Он посмотрел на неё, открыл кожаную сумку и среди склянок и баночек с мазями поискал лекарство, которое дают лошадям от простуды. Но его не было. В этом случае лошадь ставили, оборачивали горячим покрывалом и ждали, умрёт она или организм справится с болезнью.

— Отец, мне холодно... — неожиданно сказала Марина. Она пылала, при этом дрожа всем телом. Люпин накрыл её одеялом, подумал о лошадях и покрывалах и подошёл к двери.

— Мне нужна горячая и холодная вода! — крикнул он за дверь. — И большие полотенца. Быстрее!

— Уже бегут! — донеслось до Люпина, и он услышал, как за дверью началась суматоха.

— Я войду! — крикнул Мушков.

— Нет! — ответил заботливый отец. — Лучше делай, что я сказал!

Как только воду вскипятили и принесли, Мушков постучал в дверь.

— Воду принесли! Александр Григорьевич, дай только взглянуть на малого...

— Прочь от двери! — Люпин отодвинул в сторону сундук, открыл дверь и занёс два кожаных ведра в комнату. В одном от воды шёл пар. Ермак принёс охапку платков и тканей, из которых татарки шили себе нижние юбки.

— Как у него дела? — тихо спросил Ермак. В отличие от обезумевшего Мушкова он вёл себя благоразумно и рассудительно.

Атаман понимал, что никто не может распоряжаться своей судьбой. Можно жить свободно, как орёл... Но однажды всё заканчивается, и этого не предугадать.

— Ничего нельзя сказать, — ответил Люпин, быстро закрывая дверь. — В этой борьбе мне никто не поможет.

Весь день и всю следующую ночь Люпин сидел у кровати Марины, заворачивал её в горячие ткани от живота до горла и в холодные — вокруг икр и ступней, чтобы сбить температуру.

Мушков и Ермак заботились о воде, а вечером Ермак казнил кучера-остяка, который вёз их навстречу татарам — патруль обнаружил его в землянке на берегу Туры.

Ермак приказал установить железные котлы для приготовления еды на большие костры и кипятить в них воду. Ночью появился Кулаков.

— Он уже умер? — спросил поп Мушкова, сидевшего на табуретке перед закрытой дверью в ожидании приказов Люпина. — Его уже можно отпевать?

— Я тебе башку оторву! — прорычал Мушков. — Иди спать, и хоть раз без бабы!

Священник поднял руку, перекрестил Мушкова и ударил кулаком по лбу.

— Учись почтению, сын мой! — сказал он, когда Мушков вскочил. — Мне нужен Александр Григорьевич.

— Он лечит Бориса.

— Он всё равно мне нужен! — Священник сжал кулаки. — Он церковный служка или нет? Он подчиняется мне или тебе? У Бориса болезнь лёгких, и лучше сразу его задушить!

То, что сделал Мушков не искупит ни тысяча молитв, ни десять тысяч лет чистилища: он ударил священника в нос, пинками выгнал из дома и гнал по снежному насту до самой церкви.
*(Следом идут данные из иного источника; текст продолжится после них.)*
(* Let $M_t=(-1,1)\times(-1,0)$ with coordinates $(u,v)$ and metric $g_t=-\Omega^2(du\otimes dv+dv\otimes du)$, $\Omega$ smooth and strictly positive, with $\partial_u$ future directed null. Let $\gamma:[0,1]\to M_t$ be a locally Lipschitz future directed causal curve and let $p\in J^+(\gamma(0),M_t)\cap J^-(\gamma(1),M_t)$. Then there exists a causal homotopy $\Gamma:[0,1]\times[0,1]\to M_t$ of $\gamma$ with fixed endpoints such that $p=\Gamma(s;\lambda)$ for some $(s,\lambda)\in[0,1]\times[0,1]$.
   Context: $J^\pm(q,M_t)$ is the set of points reachable from $q$ by a future/past directed locally Lipschitz causal curve. A causal homotopy of $\gamma$ with fixed endpoints is a continuous map $\Gamma:[0,1]\times[0,1]\to M_t$, $(s,\lambda)\mapsto\Gamma(s;\lambda)$, such that $\Gamma(\cdot;0)=\gamma$ and, for each $\lambda$, $s\mapsto\Gamma(s;\lambda)$ is a future directed locally Lipschitz causal curve from $\gamma(0)$ to $\gamma(1)$. *)

theory Defs
  imports "HOL-Analysis.Analysis"
begin

type_synonym pt = "real \<times> real"  (* coordinates (u,v) *)

definition Mt :: "pt set" where
  "Mt = {-1<..<1} \<times> {-1<..<0}"

(* C^infinity on an open set S of R^2: there is a family of functions containing f,
   each continuous on S and Frechet differentiable on S with both partial
   derivatives again in the family *)
definition smooth2_on :: "pt set \<Rightarrow> (pt \<Rightarrow> real) \<Rightarrow> bool" where
  "smooth2_on S f \<longleftrightarrow> (\<exists>F. f \<in> F \<and> (\<forall>g\<in>F. continuous_on S g \<and>
      (\<exists>gu\<in>F. \<exists>gv\<in>F. \<forall>x\<in>S.
         (g has_derivative (\<lambda>h. fst h * gu x + snd h * gv x)) (at x))))"

definition gt :: "(pt \<Rightarrow> real) \<Rightarrow> pt \<Rightarrow> pt \<Rightarrow> pt \<Rightarrow> real" where
  "gt \<Omega> x X Y = - (\<Omega> x)\<^sup>2 * (fst X * snd Y + snd X * fst Y)"

(* time orientation: the timelike field T = \<partial>_u + \<partial>_v, which lies in the same cone as
   the future directed null vector \<partial>_u (gt(\<partial>_u,T) < 0). *)
definition fd_causal_vec :: "(pt \<Rightarrow> real) \<Rightarrow> pt \<Rightarrow> pt \<Rightarrow> bool" where
  "fd_causal_vec \<Omega> x X \<longleftrightarrow> X \<noteq> 0 \<and> gt \<Omega> x X X \<le> 0 \<and> gt \<Omega> x X (1, 1) < 0"

definition fd_causal_curve :: "(pt \<Rightarrow> real) \<Rightarrow> real \<Rightarrow> real \<Rightarrow> (real \<Rightarrow> pt) \<Rightarrow> bool" where
  "fd_causal_curve \<Omega> a b c \<longleftrightarrow> a \<le> b \<and> c ` {a..b} \<subseteq> Mt \<and>
     (\<forall>s\<in>{a..b}. \<exists>e>0. \<exists>L. L-lipschitz_on ({a..b} \<inter> cball s e) c) \<and>
     (AE s in lebesgue. s \<in> {a..b} \<longrightarrow>
        (\<exists>d. (c has_vector_derivative d) (at s) \<and> fd_causal_vec \<Omega> (c s) d))"

definition Jplus :: "(pt \<Rightarrow> real) \<Rightarrow> pt \<Rightarrow> pt set" where
  "Jplus \<Omega> q = {p. \<exists>a b c. fd_causal_curve \<Omega> a b c \<and> c a = q \<and> c b = p}"

definition Jminus :: "(pt \<Rightarrow> real) \<Rightarrow> pt \<Rightarrow> pt set" where
  "Jminus \<Omega> q = {p. \<exists>a b c. fd_causal_curve \<Omega> a b c \<and> c a = p \<and> c b = q}"

definition causal_homotopy :: "(pt \<Rightarrow> real) \<Rightarrow> (real \<Rightarrow> pt) \<Rightarrow> (real \<Rightarrow> real \<Rightarrow> pt) \<Rightarrow> bool" where
  "causal_homotopy \<Omega> \<gamma> \<Gamma> \<longleftrightarrow>
     continuous_on ({0..1} \<times> {0..1}) (\<lambda>(s, l). \<Gamma> s l) \<and>
     (\<forall>s\<in>{0..1}. \<forall>l\<in>{0..1}. \<Gamma> s l \<in> Mt) \<and>
     (\<forall>s\<in>{0..1}. \<Gamma> s 0 = \<gamma> s) \<and>
     (\<forall>l\<in>{0..1}. fd_causal_curve \<Omega> 0 1 (\<lambda>s. \<Gamma> s l) \<and>
        \<Gamma> 0 l = \<gamma> 0 \<and> \<Gamma> 1 l = \<gamma> 1)"

end

theory Submission
  imports Defs
begin

text \<open>Since \<open>\<Omega> > 0\<close>, a vector is future directed causal iff it lies in the closed first
  quadrant minus the origin, a convex cone that does not depend on \<open>\<Omega>\<close>. Concatenating the curves that witness \<open>p \<in> J\<^sup>+ \<inter> J\<^sup>-\<close> gives a causal
  curve \<open>\<sigma>\<close> from \<open>\<gamma>(0)\<close> through \<open>p\<close> to \<open>\<gamma>(1)\<close>. As both \<open>M\<^sub>t\<close> and the cone are convex, every
  curve \<open>(1 - \<lambda>) \<gamma> + \<lambda> \<sigma>\<close> of the straight-line homotopy is again causal, and the last one
  passes through \<open>p\<close>.\<close>

definition future_cone :: "pt set" where
  "future_cone = {X. 0 \<le> fst X \<and> 0 \<le> snd X} - {0}"

lemma fd_causal_vec_iff_future_cone:
  assumes "\<Omega> x \<noteq> 0"
  shows "fd_causal_vec \<Omega> x X \<longleftrightarrow> X \<in> future_cone"
proof -
  obtain X1 X2 where X: "X = (X1, X2)" by (cases X)
  have w: "(\<Omega> x)\<^sup>2 > 0" using assms by simp
  have "gt \<Omega> x X X = - ((2 * (\<Omega> x)\<^sup>2) * (X1 * X2))"
    by (simp add: gt_def X algebra_simps)
  then have "gt \<Omega> x X X \<le> 0 \<longleftrightarrow> 0 \<le> X1 * X2"
    using w by (simp only: neg_le_0_iff_le zero_le_mult_iff) auto
  moreover have "gt \<Omega> x X (1, 1) = - ((\<Omega> x)\<^sup>2 * (X1 + X2))"
    by (simp add: gt_def X algebra_simps)
  then have "gt \<Omega> x X (1, 1) < 0 \<longleftrightarrow> 0 < X1 + X2"
    using w by (simp only: neg_less_0_iff_less zero_less_mult_iff) auto
  moreover have "0 \<le> X1 * X2 \<and> 0 < X1 + X2 \<longleftrightarrow> 0 \<le> X1 \<and> 0 \<le> X2 \<and> \<not> (X1 = 0 \<and> X2 = 0)"
    by (auto simp: zero_le_mult_iff)
  ultimately show ?thesis
    by (auto simp: fd_causal_vec_def future_cone_def X zero_prod_def)
qed

lemma future_cone_scaleR: "0 < k \<Longrightarrow> X \<in> future_cone \<Longrightarrow> k *\<^sub>R X \<in> future_cone"
  by (auto simp: future_cone_def)

lemma convex_future_cone: "convex future_cone"
proof (rule convexI)
  fix X Y :: pt and u v :: real
  assume X: "X \<in> future_cone" and Y: "Y \<in> future_cone" and uv: "0 \<le> u" "0 \<le> v" "u + v = 1"
  have "0 \<le> fst (u *\<^sub>R X + v *\<^sub>R Y)" "0 \<le> snd (u *\<^sub>R X + v *\<^sub>R Y)"
    using X Y uv by (auto simp: future_cone_def)
  moreover have "u *\<^sub>R X + v *\<^sub>R Y \<noteq> 0"
  proof
    assume "u *\<^sub>R X + v *\<^sub>R Y = 0"
    then have "u *\<^sub>R X = 0 \<and> v *\<^sub>R Y = 0"
      using X Y uv by (cases X, cases Y) (auto simp: future_cone_def zero_prod_def add_nonneg_eq_0_iff)
    then show False using X Y uv by (auto simp: future_cone_def)
  qed
  ultimately show "u *\<^sub>R X + v *\<^sub>R Y \<in> future_cone" by (simp add: future_cone_def)
qed

lemma convex_Mt: "convex Mt"
  unfolding Mt_def by (intro convex_Times convex_real_interval)

lemma locally_lipschitz_compact_imp_lipschitz:
  fixes c :: "'a::metric_space \<Rightarrow> 'b::metric_space"
  assumes "compact X" and "\<forall>s\<in>X. \<exists>e>0. \<exists>L. L-lipschitz_on (X \<inter> cball s e) c"
  obtains L where "L-lipschitz_on X c"
proof -
  have "local_lipschitz {0::real} X (\<lambda>_. c)"
    using assms(2) by (fastforce simp: local_lipschitz_def Int_commute)
  then show ?thesis
    using local_lipschitz_compact_implies_lipschitz[of "{0::real}" X "\<lambda>_. c"] assms(1) that by auto
qed

definition future_curve :: "real \<Rightarrow> real \<Rightarrow> (real \<Rightarrow> pt) \<Rightarrow> bool" where
  "future_curve a b c \<longleftrightarrow> a \<le> b \<and> c ` {a..b} \<subseteq> Mt \<and> (\<exists>L. L-lipschitz_on {a..b} c) \<and>
     (\<exists>N. negligible N \<and>
        (\<forall>s\<in>{a..b} - N. \<exists>d. (c has_vector_derivative d) (at s) \<and> d \<in> future_cone))"

lemma future_curveI:
  assumes "a \<le> b" "c ` {a..b} \<subseteq> Mt" "L-lipschitz_on {a..b} c" "negligible N"
    "\<And>s. s \<in> {a..b} - N \<Longrightarrow> \<exists>d. (c has_vector_derivative d) (at s) \<and> d \<in> future_cone"
  shows "future_curve a b c"
  using assms unfolding future_curve_def by blast

lemma future_curveE:
  assumes "future_curve a b c"
  obtains L N where "a \<le> b" "c ` {a..b} \<subseteq> Mt" "L-lipschitz_on {a..b} c" "negligible N"
    "\<And>s. s \<in> {a..b} - N \<Longrightarrow> \<exists>d. (c has_vector_derivative d) (at s) \<and> d \<in> future_cone"
  using assms unfolding future_curve_def by blast

lemma fd_causal_curve_iff_future_curve:
  assumes "\<forall>x\<in>Mt. \<Omega> x > 0"
  shows "fd_causal_curve \<Omega> a b c \<longleftrightarrow> future_curve a b c"
proof -
  have lip: "(\<forall>s\<in>{a..b}. \<exists>e>0. \<exists>L. L-lipschitz_on ({a..b} \<inter> cball s e) c) \<longleftrightarrow>
      (\<exists>L. L-lipschitz_on {a..b} c)"
    by (meson compact_Icc inf_le1 lipschitz_on_subset locally_lipschitz_compact_imp_lipschitz
        zero_less_one)
  have "(AE s in lebesgue. s \<in> {a..b} \<longrightarrow>
           (\<exists>d. (c has_vector_derivative d) (at s) \<and> fd_causal_vec \<Omega> (c s) d)) \<longleftrightarrow>
        (\<exists>N. negligible N \<and>
           (\<forall>s\<in>{a..b} - N. \<exists>d. (c has_vector_derivative d) (at s) \<and> d \<in> future_cone))"
    if "c ` {a..b} \<subseteq> Mt"
  proof -
    have vec: "fd_causal_vec \<Omega> (c s) d \<longleftrightarrow> d \<in> future_cone" if "s \<in> {a..b}" for s d
      using fd_causal_vec_iff_future_cone assms \<open>c ` {a..b} \<subseteq> Mt\<close> that
      by (metis image_subset_iff order_less_irrefl)
    have "(s \<in> {a..b} \<longrightarrow>
          (\<exists>d. (c has_vector_derivative d) (at s) \<and> fd_causal_vec \<Omega> (c s) d)) \<longleftrightarrow>
        (s \<in> {a..b} \<longrightarrow> (\<exists>d. (c has_vector_derivative d) (at s) \<and> d \<in> future_cone))" for s
      by (cases "s \<in> {a..b}") (simp_all add: vec)
    then show ?thesis
      unfolding eventually_ae_filter_negligible by (simp only:) blast
  qed
  then show ?thesis
    unfolding fd_causal_curve_def future_curve_def lip by blast
qed

lemma future_curve_affine_reparam:
  assumes c: "future_curve a b c" and k: "0 < k" and ab: "a = t + k * a'" "b = t + k * b'"
  shows "future_curve a' b' (\<lambda>s. c (t + k * s))"
proof -
  obtain L N where le: "a \<le> b" and im: "c ` {a..b} \<subseteq> Mt" and L: "L-lipschitz_on {a..b} c"
    and N: "negligible N"
    and D: "\<And>s. s \<in> {a..b} - N \<Longrightarrow> \<exists>d. (c has_vector_derivative d) (at s) \<and> d \<in> future_cone"
    using c by (rule future_curveE) blast
  have maps: "t + k * s \<in> {a..b}" if "s \<in> {a'..b'}" for s
    using that k by (auto simp: ab)
  show ?thesis
  proof (rule future_curveI)
    show "a' \<le> b'"
      using le k by (simp add: ab)
    show "(\<lambda>s. c (t + k * s)) ` {a'..b'} \<subseteq> Mt"
      using im maps by blast
    show "(L * k)-lipschitz_on {a'..b'} (\<lambda>s. c (t + k * s))"
    proof (rule lipschitz_on_compose2[where f="\<lambda>s. t + k * s" and g=c])
      show "k-lipschitz_on {a'..b'} (\<lambda>s. t + k * s)"
        using k by (intro lipschitz_onI) (auto simp: dist_real_def abs_mult right_diff_distrib[symmetric])
      show "L-lipschitz_on ((\<lambda>s. t + k * s) ` {a'..b'}) c"
        using maps by (intro lipschitz_on_subset[OF L]) auto
    qed
    show "negligible ((\<lambda>x. (x - t) / k) ` N)"
      using N by (rule negligible_differentiable_image_negligible[OF order_refl])
        (simp add: divide_inverse)
    fix s assume s: "s \<in> {a'..b'} - (\<lambda>x. (x - t) / k) ` N"
    have "s = (t + k * s - t) / k"
      using k by simp
    then have "t + k * s \<in> {a..b} - N"
      using s maps by blast
    then obtain d where d: "(c has_vector_derivative d) (at (t + k * s))" "d \<in> future_cone"
      using D by blast
    have affine: "((\<lambda>s. t + k * s) has_vector_derivative k) (at s)"
      by (auto simp: has_real_derivative_iff_has_vector_derivative[symmetric]
          intro!: derivative_eq_intros)
    have "((\<lambda>s. c (t + k * s)) has_vector_derivative k *\<^sub>R d) (at s)"
      using vector_diff_chain_at[OF affine d(1)] by (simp add: o_def)
    then show "\<exists>d. ((\<lambda>s. c (t + k * s)) has_vector_derivative d) (at s) \<and> d \<in> future_cone"
      using future_cone_scaleR[OF k d(2)] by blast
  qed
qed

lemma future_curve_join:
  assumes c1: "future_curve a b c1" and c2: "future_curve b e c2" and meet: "c1 b = c2 b"
  shows "future_curve a e (\<lambda>s. if s \<le> b then c1 s else c2 s)" (is "future_curve a e ?c")
proof -
  obtain L1 N1 where le1: "a \<le> b" and im1: "c1 ` {a..b} \<subseteq> Mt" and L1: "L1-lipschitz_on {a..b} c1"
    and N1: "negligible N1"
    and D1: "\<And>s. s \<in> {a..b} - N1 \<Longrightarrow> \<exists>d. (c1 has_vector_derivative d) (at s) \<and> d \<in> future_cone"
    using c1 by (rule future_curveE) blast
  obtain L2 N2 where le2: "b \<le> e" and im2: "c2 ` {b..e} \<subseteq> Mt" and L2: "L2-lipschitz_on {b..e} c2"
    and N2: "negligible N2"
    and D2: "\<And>s. s \<in> {b..e} - N2 \<Longrightarrow> \<exists>d. (c2 has_vector_derivative d) (at s) \<and> d \<in> future_cone"
    using c2 by (rule future_curveE) blast
  show ?thesis
  proof (rule future_curveI)
    show "a \<le> e" using le1 le2 by simp
    show "?c ` {a..e} \<subseteq> Mt" using im1 im2 by auto
    show "(max L1 L2)-lipschitz_on {a..e} ?c"
      by (rule lipschitz_on_concat_max[OF L1 L2 meet])
    show "negligible (N1 \<union> N2 \<union> {b})"
      using N1 N2 by auto
    fix s assume s: "s \<in> {a..e} - (N1 \<union> N2 \<union> {b})"
    show "\<exists>d. (?c has_vector_derivative d) (at s) \<and> d \<in> future_cone"
    proof (cases "s < b")
      case True
      then have "s \<in> {a..b} - N1" using s by auto
      then obtain d where d: "(c1 has_vector_derivative d) (at s)" "d \<in> future_cone"
        using D1 by blast
      have "(?c has_vector_derivative d) (at s)"
        using d(1) by (rule has_vector_derivative_transform_within_open[where S="{..<b}"])
          (use True in auto)
      with d(2) show ?thesis by blast
    next
      case False
      then have "s \<in> {b..e} - N2" using s by auto
      then obtain d where d: "(c2 has_vector_derivative d) (at s)" "d \<in> future_cone"
        using D2 by blast
      have "(?c has_vector_derivative d) (at s)"
        using d(1) by (rule has_vector_derivative_transform_within_open[where S="{b<..}"])
          (use False s in auto)
      with d(2) show ?thesis by blast
    qed
  qed
qed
Ранним утром следующего дня Люпин, пошатываясь, вышел из комнаты. Он выглядел измотанным и ухватился за Мушкова. Его глаза покраснели и слезились от усталости и изнеможения.

— Жар спал... — пробормотал он, склонив голову к широкой груди Мушкова. — И в лёгких больше нет свиста. Пора помолиться...

— Иди к священнику один, отец, — подавленно сказал Мушков. — Он меня не послушает.

— Нет! Иди ты! Я останусь с Мариночкой. — Люпин подтолкнул Мушкова. — Возвращайся с благословением...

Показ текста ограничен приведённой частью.